* _TASK DESCRIPTION_: Scan the entries below for the word "auto". Copy out every line in which it occurs.
-- STUDY MATERIAL follows --
lemma fin_additive_Union:
  assumes fa: "fin_additive M \<mu>" and "finite P" "P \<subseteq> M" "disjoint P"
  shows "\<mu> (\<Union>P) = (\<Sum>B\<in>P. \<mu> B)"
  using assms(2-4)
proof (induction P rule: finite_induct)
  case empty
  then show ?case using fa by (simp add: fin_additive_def)
next
  case (insert B P)
  have "B \<inter> \<Union>P = {}" "\<Union>P \<in> M"
    using insert by (auto simp: pairwise_insert disjnt_def)
  then have "\<mu> (B \<union> \<Union>P) = \<mu> B + \<mu> (\<Union>P)"
    using fa insert.prems(1) by (auto simp: fin_additive_def)
  then show ?case using insert by (simp add: pairwise_insert)
qed

context
  fixes \<mu> assumes mu: "\<mu> \<in> ba \<Omega> M"
begin

lemma ba_fin_additive: "fin_additive M \<mu>"
  using mu by (simp add: ba_def)

lemma ba_empty: "\<mu> {} = 0"
  using ba_fin_additive by (simp add: fin_additive_def)

text \<open>A bounded additive function has bounded variation: splitting a disjoint family by
  the sign of \<open>\<mu>\<close>, its sum of \<open>\<bar>\<mu>\<bar>\<close> is the difference of the values on two sets of the algebra.\<close>
lemma ba_variation_bounded:
  obtains c where "\<And>P. finite P \<Longrightarrow> P \<subseteq> M \<Longrightarrow> disjoint P \<Longrightarrow> (\<Sum>B\<in>P. \<bar>\<mu> B\<bar>) \<le> c"
proof -
  obtain c where c: "\<forall>A\<in>M. \<bar>\<mu> A\<bar> \<le> c"
    using mu by (auto simp: ba_def)
  have "(\<Sum>B\<in>P. \<bar>\<mu> B\<bar>) \<le> 2 * c" if P: "finite P" "P \<subseteq> M" "disjoint P" for P
  proof -
    define Pos where "Pos = {B\<in>P. \<mu> B \<ge> 0}"
    define Neg where "Neg = {B\<in>P. \<mu> B < 0}"
    have fin: "finite Pos" "finite Neg" and sub: "Pos \<subseteq> M" "Neg \<subseteq> M"
      and dis: "disjoint Pos" "disjoint Neg"
      using P by (auto simp: Pos_def Neg_def intro: pairwise_subset)
    have "(\<Sum>B\<in>P. \<bar>\<mu> B\<bar>) = (\<Sum>B\<in>Pos. \<bar>\<mu> B\<bar>) + (\<Sum>B\<in>Neg. \<bar>\<mu> B\<bar>)"
      using fin by (subst sum.union_disjoint[symmetric]) (auto simp: Pos_def Neg_def intro: sum.cong)
    also have "\<dots> = (\<Sum>B\<in>Pos. \<mu> B) - (\<Sum>B\<in>Neg. \<mu> B)"
      by (simp add: Pos_def Neg_def sum_negf[symmetric])
    also have "\<dots> = \<mu> (\<Union>Pos) - \<mu> (\<Union>Neg)"
      using fin_additive_Union[OF ba_fin_additive] fin sub dis by simp
    also have "\<dots> \<le> 2 * c"
    proof -
      have "\<Union>Pos \<in> M" "\<Union>Neg \<in> M" using fin sub by auto
      then have "\<mu> (\<Union>Pos) \<le> c" "- \<mu> (\<Union>Neg) \<le> c" using c by (auto simp: abs_le_iff)
      then show ?thesis by linarith
    qed
    finally show ?thesis .
  qed
  then show ?thesis by (rule that)
qed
-- STUDY MATERIAL concluded --
* _RESULT OF THE TASK_:
    using insert by (auto simp: pairwise_insert disjnt_def)
    using fa insert.prems(1) by (auto simp: fin_additive_def)
    using mu by (auto simp: ba_def)
      using P by (auto simp: Pos_def Neg_def intro: pairwise_subset)
      using fin by (subst sum.union_disjoint[symmetric]) (auto simp: Pos_def Neg_def intro: sum.cong)
      have "\<Union>Pos \<in> M" "\<Union>Neg \<in> M" using fin sub by auto
      then have "\<mu> (\<Union>Pos) \<le> c" "- \<mu> (\<Union>Neg) \<le> c" using c by (auto simp: abs_le_iff)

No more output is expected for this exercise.